The Home Affairs Department said the licensing regime was meant to ensure premises met building and fire safety standards.
In cases where a hotel or guest house taking part in the programme found itself up for recertification the Office of the Licensing Authority “would adopt a pragmatic approach and provide all possible facilitation”, the department said.
According to Ng, some guest house proprietors were not keen on two-year leases as they were optimistic business would improve as the Covid-19 pandemic retreated and visitors returned to Hong Kong.
But other guest house owners viewed the situation differently and welcomed their role in the temporary housing plan.
“I don’t need to hunt for customers, and I have a stable income now,” said one owner, who had rented all eight rooms at her guest house in Tsim Sha Tsui to tenants of the scheme. “It’s a double win for both those who are waiting for public housing and small guest house owners like us.”
Since October 2019, when anti-government protests were rocking the city, her income has dropped by 70 per cent of its usual level, she said. She could barely break even by renting out her rooms to monthly tenants, she complained.
The operator signed up for the pilot housing scheme after hearing about it earlier this year, as she did not expect the travel industry to recover any time soon.
“Hotels aren’t keen on the programme because they have other sources of income, but the reaction among small guest house owners is very enthusiastic,” she said.
But as she described it, the process was not entirely smooth.
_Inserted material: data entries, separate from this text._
lemma graph_blowup_direction:
  fixes G :: "('a::euclidean_space \<times> 'b::euclidean_space) set"
  assumes t: "\<And>k. t k > 0" "t \<longlonglongrightarrow> 0"
    and tau: "\<And>k. tau k > 0" "tau \<longlonglongrightarrow> 0"
    and ratio: "filterlim (\<lambda>k. tau k / t k) at_top sequentially"
    and qs: "qs \<longlonglongrightarrow> w" and zs: "zs \<longlonglongrightarrow> z"
    and G: "\<And>k. (a + t k *\<^sub>R qs k, b + tau k *\<^sub>R zs k) \<in> G"
  shows "(0, z) \<in> tcone G (a, b)"
    and "w \<noteq> 0 \<Longrightarrow> norm z = 1 \<Longrightarrow> z \<in> gsubderiv G a b ((1 / norm w) *\<^sub>R w)"
proof -
  have "(\<lambda>k. inverse (tau k / t k)) \<longlonglongrightarrow> 0"
    by (rule tendsto_inverse_0_at_top[OF ratio])
  then have "(\<lambda>k. (t k / tau k) *\<^sub>R qs k) \<longlonglongrightarrow> 0 *\<^sub>R w"
    by (intro tendsto_scaleR qs) simp
  then have "(\<lambda>k. ((t k / tau k) *\<^sub>R qs k, zs k)) \<longlonglongrightarrow> (0, z)"
    by (intro tendsto_Pair zs) simp
  moreover have "(a, b) + tau k *\<^sub>R ((t k / tau k) *\<^sub>R qs k, zs k) \<in> G" for k
    using G[of k] tau(1)[of k] by (simp add: less_imp_neq[symmetric])
  ultimately show "(0, z) \<in> tcone G (a, b)"
    unfolding tcone_def using tau by blast
next
  assume "w \<noteq> 0" "norm z = 1"
  then have w: "norm w > 0" by simp
  have "filterlim (\<lambda>k. (1 / norm w) * (tau k / t k)) at_top sequentially"
    by (rule filterlim_tendsto_pos_mult_at_top[OF tendsto_const _ ratio]) (use w in simp)
  moreover have "(1 / norm w) * (tau k / t k) = tau k / (t k * norm w)" for k
    by simp
  ultimately have "filterlim (\<lambda>k. tau k / (t k * norm w)) at_top sequentially"
    by (simp add: mult.commute)
  moreover have "(\<lambda>k. (1 / norm w) *\<^sub>R qs k) \<longlonglongrightarrow> (1 / norm w) *\<^sub>R w"
    by (intro tendsto_scaleR qs tendsto_const)
  moreover have "(\<lambda>k. t k * norm w) \<longlonglongrightarrow> 0 * norm w"
    by (intro tendsto_mult t tendsto_const)
  moreover have "(a + (t k * norm w) *\<^sub>R ((1 / norm w) *\<^sub>R qs k), b + tau k *\<^sub>R zs k) \<in> G" for k
    using G[of k] w by simp
  ultimately show "z \<in> gsubderiv G a b ((1 / norm w) *\<^sub>R w)"
    unfolding gsubderiv_def using \<open>norm z = 1\<close> t tau w zs
    by (intro CollectI conjI exI[of _ "\<lambda>k. (1 / norm w) *\<^sub>R qs k"] exI[of _ zs]
        exI[of _ "\<lambda>k. t k * norm w"] exI[of _ tau]) auto
qed

lemma normal_limit_in_kernel:
  fixes L :: "'b::euclidean_space \<Rightarrow> 'a::euclidean_space"
  assumes lin: "linear L" and blowup: "no_normal_blowup L D y w"
    and t: "\<And>k. t k > 0" "t \<longlonglongrightarrow> 0"
    and d: "(\<lambda>k. (1 / t k) *\<^sub>R (d k - y)) \<longlonglongrightarrow> w"
    and nu: "\<And>k. nu k \<in> rnormal D (d k)" "nu \<longlonglongrightarrow> ys"
    and Lnu: "(\<lambda>k. (1 / t k) *\<^sub>R L (nu k)) \<longlonglongrightarrow> a"
  obtains zs where "ys \<in> dnormal D y w" "L ys = 0" "zs \<in> gderiv_normal D y ys w" "L zs = a"
proof -
  have L_tendsto: "(\<lambda>n. L (f n)) \<longlonglongrightarrow> L l" if "f \<longlonglongrightarrow> l" for f l
    using lin that by (simp add: linear_conv_bounded_linear bounded_linear.tendsto)
  have tne: "t k \<noteq> 0" for k using t(1)[of k] by simp
  define q where "q k = (1 / t k) *\<^sub>R (d k - y)" for k
  define zeta where "zeta k = (1 / t k) *\<^sub>R (nu k - ys)" for k
  have d_eq: "d k = y + t k *\<^sub>R q k" for k by (simp add: q_def tne)
  have nu_eq: "nu k = ys + t k *\<^sub>R zeta k" for k by (simp add: zeta_def tne)
  have gph: "(y + t k *\<^sub>R q k, ys + t k *\<^sub>R zeta k) \<in> gph_normal D" for k
    using rnormal_imp_lnormal[OF nu(1)] by (simp add: gph_normal_def flip: d_eq nu_eq)
  have dn: "ys \<in> dnormal D y w"
    unfolding dnormal_def using t d[folded q_def] nu
    by (intro CollectI exI[of _ t] exI[of _ q] exI[of _ nu]) (simp flip: d_eq)
  have "(\<lambda>k. t k *\<^sub>R ((1 / t k) *\<^sub>R L (nu k))) \<longlonglongrightarrow> 0 *\<^sub>R a"
    by (intro tendsto_scaleR t Lnu)
  then have "(\<lambda>k. L (nu k)) \<longlonglongrightarrow> 0"
    by (simp add: tne)
  moreover have "(\<lambda>k. L (nu k)) \<longlonglongrightarrow> L ys"
    by (rule L_tendsto[OF nu(2)])
  ultimately have Lys: "L ys = 0"
    using LIMSEQ_unique by blast
  have Lzeta: "(\<lambda>k. L (zeta k)) \<longlonglongrightarrow> a"
    using Lnu Lys by (simp add: zeta_def linear_scale[OF lin] linear_diff[OF lin])
  have "bounded (range zeta)"
  proof (rule ccontr)
    assume "\<not> bounded (range zeta)"
    from unbounded_imp_normalized_subseq[OF this] obtain s e where s: "strict_mono s" "norm e = 1" "\<And>n. zeta (s n) \<noteq> 0"
      and infty: "filterlim (\<lambda>n. norm (zeta (s n))) at_top sequentially"
      and e: "(\<lambda>n. (1 / norm (zeta (s n))) *\<^sub>R zeta (s n)) \<longlonglongrightarrow> e"
      by blast
    define tau where "tau n = t (s n) * norm (zeta (s n))" for n
    have tau_eq: "tau n = norm (nu (s n) - ys)" for n
      using t(1)[of "s n"] by (simp add: tau_def nu_eq)
    have tau_pos: "tau n > 0" for n
      using t(1)[of "s n"] s(3)[of n] by (simp add: tau_def)
    have "(\<lambda>n. tau n) \<longlonglongrightarrow> 0"
      unfolding tau_eq using LIMSEQ_subseq_LIMSEQ[OF nu(2) s(1)]
      by (simp add: o_def tendsto_norm_zero_iff LIM_zero_iff)
    moreover have "filterlim (\<lambda>n. tau n / t (s n)) at_top sequentially"
      using infty by (simp add: tau_def tne)
    moreover have "(y + t (s n) *\<^sub>R q (s n), ys + tau n *\<^sub>R ((1 / norm (zeta (s n))) *\<^sub>R zeta (s n)))
        \<in> gph_normal D" for n
      using gph[of "s n"] s(3)[of n] by (simp add: tau_def)
    ultimately have "(0, e) \<in> tcone (gph_normal D) (y, ys)"
      and "w \<noteq> 0 \<Longrightarrow> e \<in> gsubderiv (gph_normal D) y ys ((1 / norm w) *\<^sub>R w)"
      using graph_blowup_direction[where t="t \<circ> s" and qs="q \<circ> s", OF _ _ tau_pos _ _ _ e]
        t LIMSEQ_subseq_LIMSEQ[OF t(2) s(1)] LIMSEQ_subseq_LIMSEQ[OF d[folded q_def] s(1)] s(2)
      by (simp_all add: o_def)
    moreover have "L e = 0"
    proof -
      have "(\<lambda>n. (1 / norm (zeta (s n))) *\<^sub>R L (zeta (s n))) \<longlonglongrightarrow> 0 *\<^sub>R a"
        using tendsto_inverse_0_at_top[OF infty] LIMSEQ_subseq_LIMSEQ[OF Lzeta s(1)]
        by (intro tendsto_scaleR) (simp_all add: o_def divide_inverse)
      moreover have "(\<lambda>n. L ((1 / norm (zeta (s n))) *\<^sub>R zeta (s n))) \<longlonglongrightarrow> L e"
        by (rule L_tendsto[OF e])
      ultimately show ?thesis
        by (simp add: linear_scale[OF lin] LIMSEQ_unique)
    qed
    ultimately show False
      using blowup dn Lys s(2) unfolding no_normal_blowup_def gderiv_normal_def by blast
  qed
  then obtain r z where r: "strict_mono r" "(zeta \<circ> r) \<longlonglongrightarrow> z"
    using bounded_imp_convergent_subsequence by blast
  have "z \<in> gderiv_normal D y ys w"
    unfolding gderiv_normal_def tcone_def
  proof (intro CollectI exI conjI allI)
    show "(t \<circ> r) k > 0" for k using t(1) by simp
    show "(t \<circ> r) \<longlonglongrightarrow> 0" by (rule LIMSEQ_subseq_LIMSEQ[OF t(2) r(1)])
    show "(\<lambda>k. (q (r k), zeta (r k))) \<longlonglongrightarrow> (w, z)"
      using LIMSEQ_subseq_LIMSEQ[OF d[folded q_def] r(1)] r(2) by (auto intro!: tendsto_Pair simp: o_def)
    show "(y, ys) + (t \<circ> r) k *\<^sub>R (q (r k), zeta (r k)) \<in> gph_normal D" for k
      using gph[of "r k"] by simp
  qed
  moreover have "L z = a"
    using LIMSEQ_subseq_LIMSEQ[OF Lzeta r(1)] L_tendsto[OF r(2)] by (simp add: o_def LIMSEQ_unique)
  ultimately show thesis
    using dn Lys that by blast
qed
She submitted her application to join the programme in April, but did not hear back from the government, forcing her to liaise directly with an NGO, she said, adding: “The government has been pretty passive. It feels like they pushed out this scheme and then left us to figure it out ourselves.”
Her tenants who moved in earlier this month expressed satisfaction with the programme.
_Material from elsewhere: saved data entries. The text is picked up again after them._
(* Let $\mathcal X=\{1,\dots,N\}$ with $N\ge 2$, let $T\ge1$, let $\mathrm{PWS}$ be a piecewise stationary source for sequences of length $T$ with complexity $C_{\mathrm{PWS}}$, and let $u$ be the uniform distribution on $\mathcal X$. Let $\mathrm{PS}$ be the Probability Smoothing model with fixed parameters $(\alpha,\varepsilon,p)$, where $0<\alpha<1$, $0\le\varepsilon\le1-\frac1N$ and $p$ is a distribution on $\mathcal X$ with $p(x)\ge\frac{\varepsilon}{N-1}$ for all $x$. Then for every sequence $x_{1:T}\in\mathcal X^T$, \[ \ell_{\mathrm{PS}}(x_{1:T})\le \ell_{\mathrm{PWS}}(x_{1:T})+\Big[\frac{\log\frac1{1-\varepsilon}}{\log\frac1\alpha}+N\log\frac1\alpha+(N+1)\log\frac1{1-\varepsilon}\Big]\cdot T+\frac{\log\frac N\varepsilon}{\log\frac1\alpha}\cdot C_{\mathrm{PWS}}+N\cdot D(u\parallel p). \]
   Context: All logarithms are natural, with $\log\frac10=+\infty$ (so e.g. $\log\frac N\varepsilon=+\infty$ if $\varepsilon=0$). A model maps each finite sequence $x_{1:t}$ over $\mathcal X$ (including the empty sequence) to a distribution on $\mathcal X$; write $M(x;x_{1:t})$ for the probability it gives to $x$. The code length a model $M$ assigns is $\ell_M(x_{1:T})=\sum_{t=1}^T\log\frac1{M(x_t;x_{<t})}$, where $x_{<t}=x_{1:t-1}$. Probability Smoothing with fixed parameters $(\alpha,\varepsilon,p)$: $\mathrm{PS}(\cdot;\text{empty})=p$, and for $t\ge1$, $\mathrm{PS}(x;x_{1:t})=\alpha\,\mathrm{PS}(x;x_{<t})+(1-\alpha)(1-\varepsilon)$ if $x=x_t$, and $=\alpha\,\mathrm{PS}(x;x_{<t})+(1-\alpha)\frac{\varepsilon}{N-1}$ if $x\ne x_t$. A piecewise stationary source (PWS) for length $T$ is given by a partition $\mathcal P=\{[t_1,t_2),[t_2,t_3),\dots,[t_n,t_{n+1})\}$ of $\{1,\dots,T\}$ into integer intervals ($[i,j)=\{i,\dots,j-1\}$, $1=t_1<\dots<t_{n+1}=T+1$) and distributions $\{p_S\}_{S\in\mathcal P}$ on $\mathcal X$; it predicts $p_S$ at time $t$ where $S$ is the segment containing $t$, so $\ell_{\mathrm{PWS}}(x_{1:T})=\sum_{S\in\mathcal P}\sum_{t\in S}\log\frac1{p_S(x_t)}$. The transition set $\mathcal T$ of $\mathcal P$ consists of the triples $(t,A,B)$ with $A=[i,t)\in\mathcal P$ and $B=[t,j)\in\mathcal P$ consecutive segments. The complexity is $C_{\mathrm{PWS}}=1+\sum_{(t,A,B)\in\mathcal T}\lVert p_B-p_A\rVert$, where $\lVert p-q\rVert=\sum_x|p(x)-q(x)|$. For distributions $q,r$ with $r$ fully supported, $D(q\parallel r)=\sum_{x:\,q(x)>0}q(x)\log\frac{q(x)}{r(x)}$. *)

theory Defs
  imports "HOL-Analysis.Analysis" "HOL-Library.Extended_Real"
begin

text \<open>Alphabet is {1..N}; sequences are functions nat => nat, x t for t in {1..T}.\<close>

definition lnq :: "real \<Rightarrow> real \<Rightarrow> ereal" where
  "lnq a b = (if b = 0 then \<infinity> else ereal (ln (a / b)))"

definition is_dist :: "nat \<Rightarrow> (nat \<Rightarrow> real) \<Rightarrow> bool" where
  "is_dist N q \<longleftrightarrow> (\<forall>y\<in>{1..N}. q y \<ge> 0) \<and> sum q {1..N} = 1"

text \<open>Probability Smoothing: PS al eps N p x t y = PS(y; x_{1:t}).\<close>
fun PS :: "real \<Rightarrow> real \<Rightarrow> nat \<Rightarrow> (nat \<Rightarrow> real) \<Rightarrow> (nat \<Rightarrow> nat) \<Rightarrow> nat \<Rightarrow> nat \<Rightarrow> real" where
  "PS al eps N p x 0 y = p y"
| "PS al eps N p x (Suc t) y = al * PS al eps N p x t y +
     (1 - al) * (if y = x (Suc t) then 1 - eps else eps / (real N - 1))"

definition code_len_PS :: "real \<Rightarrow> real \<Rightarrow> nat \<Rightarrow> (nat \<Rightarrow> real) \<Rightarrow> (nat \<Rightarrow> nat) \<Rightarrow> nat \<Rightarrow> ereal" where
  "code_len_PS al eps N p x T = (\<Sum>t\<in>{1..T}. lnq 1 (PS al eps N p x (t - 1) (x t)))"

text \<open>Piecewise stationary source with n segments [tb i, tb (i+1)), i = 1..n,
  and distribution ps i on segment i.\<close>
definition is_PWS :: "nat \<Rightarrow> nat \<Rightarrow> nat \<Rightarrow> (nat \<Rightarrow> nat) \<Rightarrow> (nat \<Rightarrow> nat \<Rightarrow> real) \<Rightarrow> bool" where
  "is_PWS N T n tb ps \<longleftrightarrow> n \<ge> 1 \<and> tb 1 = 1 \<and> tb (n + 1) = T + 1 \<and>
     (\<forall>i\<in>{1..n}. tb i < tb (i + 1)) \<and> (\<forall>i\<in>{1..n}. is_dist N (ps i))"

definition code_len_PWS :: "nat \<Rightarrow> (nat \<Rightarrow> nat) \<Rightarrow> (nat \<Rightarrow> nat \<Rightarrow> real) \<Rightarrow> (nat \<Rightarrow> nat) \<Rightarrow> ereal" where
  "code_len_PWS n tb ps x = (\<Sum>i\<in>{1..n}. \<Sum>s\<in>{tb i..<tb (i + 1)}. lnq 1 (ps i (x s)))"

definition complexity_PWS :: "nat \<Rightarrow> nat \<Rightarrow> (nat \<Rightarrow> nat \<Rightarrow> real) \<Rightarrow> real" where
  "complexity_PWS N n ps = 1 + (\<Sum>i\<in>{1..<n}. \<Sum>y\<in>{1..N}. \<bar>ps (i + 1) y - ps i y\<bar>)"

definition KL_unif :: "nat \<Rightarrow> (nat \<Rightarrow> real) \<Rightarrow> ereal" where
  "KL_unif N p = (\<Sum>y\<in>{1..N}. ereal (1 / real N) * lnq (1 / real N) (p y))"

end

theory Submission
  imports Defs
begin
“It’s a lot cleaner than in my old place, where I used to get bitten by bugs,” said resident Mak Man, 64, who is single and hopes to resume working in the logistics industry once the pandemic subsides. “I don’t have anything to be dissatisfied about and all my neighbours are friendly too.”
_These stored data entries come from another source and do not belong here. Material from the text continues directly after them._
lemma chart_configuration:
  assumes disk: "oriented_disk h"
    and L: "is_loop L0" "is_loop L1" "L0 \<subseteq> h ` cball 0 1" "L1 \<subseteq> h ` cball 0 1"
    and k: "2 \<le> k" and n_in: "\<forall>i \<in> {1..k}. n i \<in> L0" and n_dist: "inj_on n {1..k}"
    and n_cw: "\<forall>i j l. 1 \<le> i \<and> i < j \<and> j < l \<and> l \<le> k \<longrightarrow> n j \<in> cw_open_seg h L0 (n i) (n l)"
    and X: "\<exists>S \<subseteq> {1..k}. X = (\<Union>m \<in> S. cw_open_seg h L0 (n m) (n (1 + m mod k)))"
    and inter: "disk_in (h ` cball 0 1) L0 \<inter> disk_in (h ` cball 0 1) L1 = n ` {1..k} \<union> X"
  obtains g0 g1 s S where "chart_touching_loops g0 g1 k s S h L0 L1"
    "\<And>j. j \<in> {1..k} \<Longrightarrow> n j = h (g0 (s j))" "X = (\<Union>m \<in> S. cw_open_seg h L0 (n m) (n (1 + m mod k)))"
proof -
  obtain S where S: "S \<subseteq> {1..k}" and XS: "X = (\<Union>m \<in> S. cw_open_seg h L0 (n m) (n (1 + m mod k)))"
    using X by blast
  obtain c0 c1 where c0: "simple_path c0" "pathfinish c0 = pathstart c0" "path_image c0 = chart_preimage h L0"
    and c1: "simple_path c1" "pathfinish c1 = pathstart c1" "path_image c1 = chart_preimage h L1"
    using loop_chart_preimage[OF disk L(1,3)] loop_chart_preimage[OF disk L(2,4)] by metis
  obtain g00 g1 where g00: "clockwise_param (chart_preimage h L0) g00"
    and g1: "clockwise_param (chart_preimage h L1) g1"
    using clockwise_param_exists[OF c0(1,2)] clockwise_param_exists[OF c1(1,2)] c0(3) c1(3) by metis
  have "n 1 \<in> h ` chart_preimage h L0" using n_in k image_chart_preimage[OF L(3)] by auto
  then obtain z where "z \<in> chart_preimage h L0" "h z = n 1" by auto
  then obtain g0 where g0: "clockwise_param (chart_preimage h L0) g0" "h (g0 0) = n 1"
    using clockwise_param_from[OF g00] by metis
  have "\<forall>j l. 1 < j \<and> j < l \<and> l \<le> k \<longrightarrow> n j \<in> cw_open_seg h L0 (n 1) (n l)"
    using n_cw[rule_format, of 1] by auto
  then obtain s where s: "s 1 = 0" "s (Suc k) = 1" "\<And>i j. 1 \<le> i \<Longrightarrow> i < j \<Longrightarrow> j \<le> Suc k \<Longrightarrow> s i < s j"
    and n: "\<And>j. j \<in> {1..k} \<Longrightarrow> h (g0 (s j)) = n j"
    using chart_node_params[OF disk L(1,3) g0 _ n_in n_dist] k by auto
  have pg: "path_image g0 = chart_preimage h L0" "path_image g1 = chart_preimage h L1"
    using g0(1) g1 by (auto simp: clockwise_param_def)
  interpret node_loops g0 g1 k s
    using g0(1) g1 pg k s by unfold_locales auto
  have "chart_touching_loops g0 g1 k s S h L0 L1"
    using node_loops_axioms chart_meet[OF disk L pg n S inter[unfolded XS]] S disk L pg
    unfolding chart_touching_loops_def chart_touching_loops_axioms_def touching_loops_def touching_loops_axioms_def
    by blast
  then show ?thesis using that n XS by metis
qed
lemma lsem_models_subset_imp_monomial:
  fixes G1 G2 :: "('n::finite \<times> 'n) set"
  assumes "lsem_models G1 \<subseteq> lsem_models G2"
  obtains W1 W2 \<sigma> c where "lsem_weights G1 W1" and "lsem_weights G2 W2" and "bij \<sigma>"
    and "\<And>i. c i \<noteq> 0" and "mat 1 - W2 = monomial_matrix \<sigma> c ** (mat 1 - W1)"
proof -
  obtain W1 where W1: "lsem_weights G1 W1" using lsem_weights_exist by blast
  have inv1: "invertible (mat 1 - W1)" using W1 by (simp add: lsem_weights_def)
  have noise1: "lsem_noise (\<lambda>_::'n. bernoulli01)"
    using prob_space_bernoulli01 sets_bernoulli01 bernoulli01_not_gaussian by (simp add: lsem_noise_def)
  have "lsem_law W1 (\<lambda>_. bernoulli01) \<in> lsem_models G1"
    unfolding mem_lsem_models_iff using W1 noise1 by (intro exI[of _ W1] exI[of _ "\<lambda>_. bernoulli01"]) simp
  with assms have "lsem_law W1 (\<lambda>_. bernoulli01) \<in> lsem_models G2" by (rule subsetD)
  then obtain W2 \<mu> where W2: "lsem_weights G2 W2" and noise2: "lsem_noise \<mu>"
    and law: "lsem_law W1 (\<lambda>_. bernoulli01) = lsem_law W2 \<mu>"
    unfolding mem_lsem_models_iff by blast
  have inv2: "invertible (mat 1 - W2)" using W2 by (simp add: lsem_weights_def)
  define A where "A = (mat 1 - W2) ** matrix_inv (mat 1 - W1)"
  have invA: "invertible A" unfolding A_def by (intro invertible_mult invertible_matrix_inv inv1 inv2)
  have "(*v) (mat 1 - W1) -` vec_box (\<lambda>_. {0, 1}) = atoms (lsem_law W1 (\<lambda>_. bernoulli01))"
    by (simp add: atoms_lsem_law[OF inv1 noise1] atoms_bernoulli01)
  also have "\<dots> = (*v) (mat 1 - W2) -` vec_box (\<lambda>i. atoms (\<mu> i))"
    unfolding law by (rule atoms_lsem_law[OF inv2 noise2])
  finally have box: "(*v) A -` vec_box (\<lambda>i. atoms (\<mu> i)) = vec_box (\<lambda>_. {0, 1})"
    unfolding A_def by (rule vimage_matrix_mult_matrix_inv[OF inv1])
  have "\<exists>\<sigma> c. bij \<sigma> \<and> (\<forall>i. c i \<noteq> 0) \<and> A = monomial_matrix \<sigma> c"
  proof (rule invertible_single_entry_rows_imp_monomial[OF invA])
    show "j = k" if "A $ i $ j \<noteq> 0" and "A $ i $ k \<noteq> 0" for i j k
      using preimage_box_eq_cube_single_entry_rows[OF invA box that] .
  qed
  then obtain \<sigma> c where \<sigma>: "bij \<sigma>" and c: "\<And>i. c i \<noteq> 0" and A: "A = monomial_matrix \<sigma> c"
    by blast
  have "mat 1 - W2 = monomial_matrix \<sigma> c ** (mat 1 - W1)"
    unfolding A[symmetric] A_def by (simp add: matrix_mul_assoc[symmetric] matrix_inv_left[OF inv1])
  then show thesis by (rule that[OF W1 W2 \<sigma> c])
qed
Resident Liu Shu, 68, a former dishwasher who is jobless, single and currently sharing a room with a friend, said: “At least the rent here is stable unlike at my old place, where they marked up the rent every couple of months.”
Both men have been waiting for public housing for a year and a half. Their previous flats measured just slightly larger than 100 sq ft, and Mak paid HK$3,600 a month for a single unit with a bathroom, while Liu shared a double that had a bathroom with a friend for which they paid HK$5,200 per month.
According to Ng, at least 50 per cent of tenants recruited by NGOs must have been on the public housing waiting list for three years or longer.
All the rooms at the guest house where Mak and Liu now stay come with bathrooms attached and range in size from 70 sq ft to 110 sq ft. Single-person units cost HK$2,515 a month after the government subsidy, while doubles went for HK$4,400.
Ng also explained that the scheme targeted households consisting of one or two people only as guest house rooms were too small for large families. They also lacked communal kitchens, which could pose a challenge to parents who wanted to consistently ensure nutritious meals for their children.
“We welcome the programme as an NGO because it provides those waiting for public housing with a decent living environment, such as individual bathrooms and windows in their rooms,” Ng said. “We’ve promised the government that we will find 80 guest house rooms in total, and we are confident that we can meet that target in the next three months.”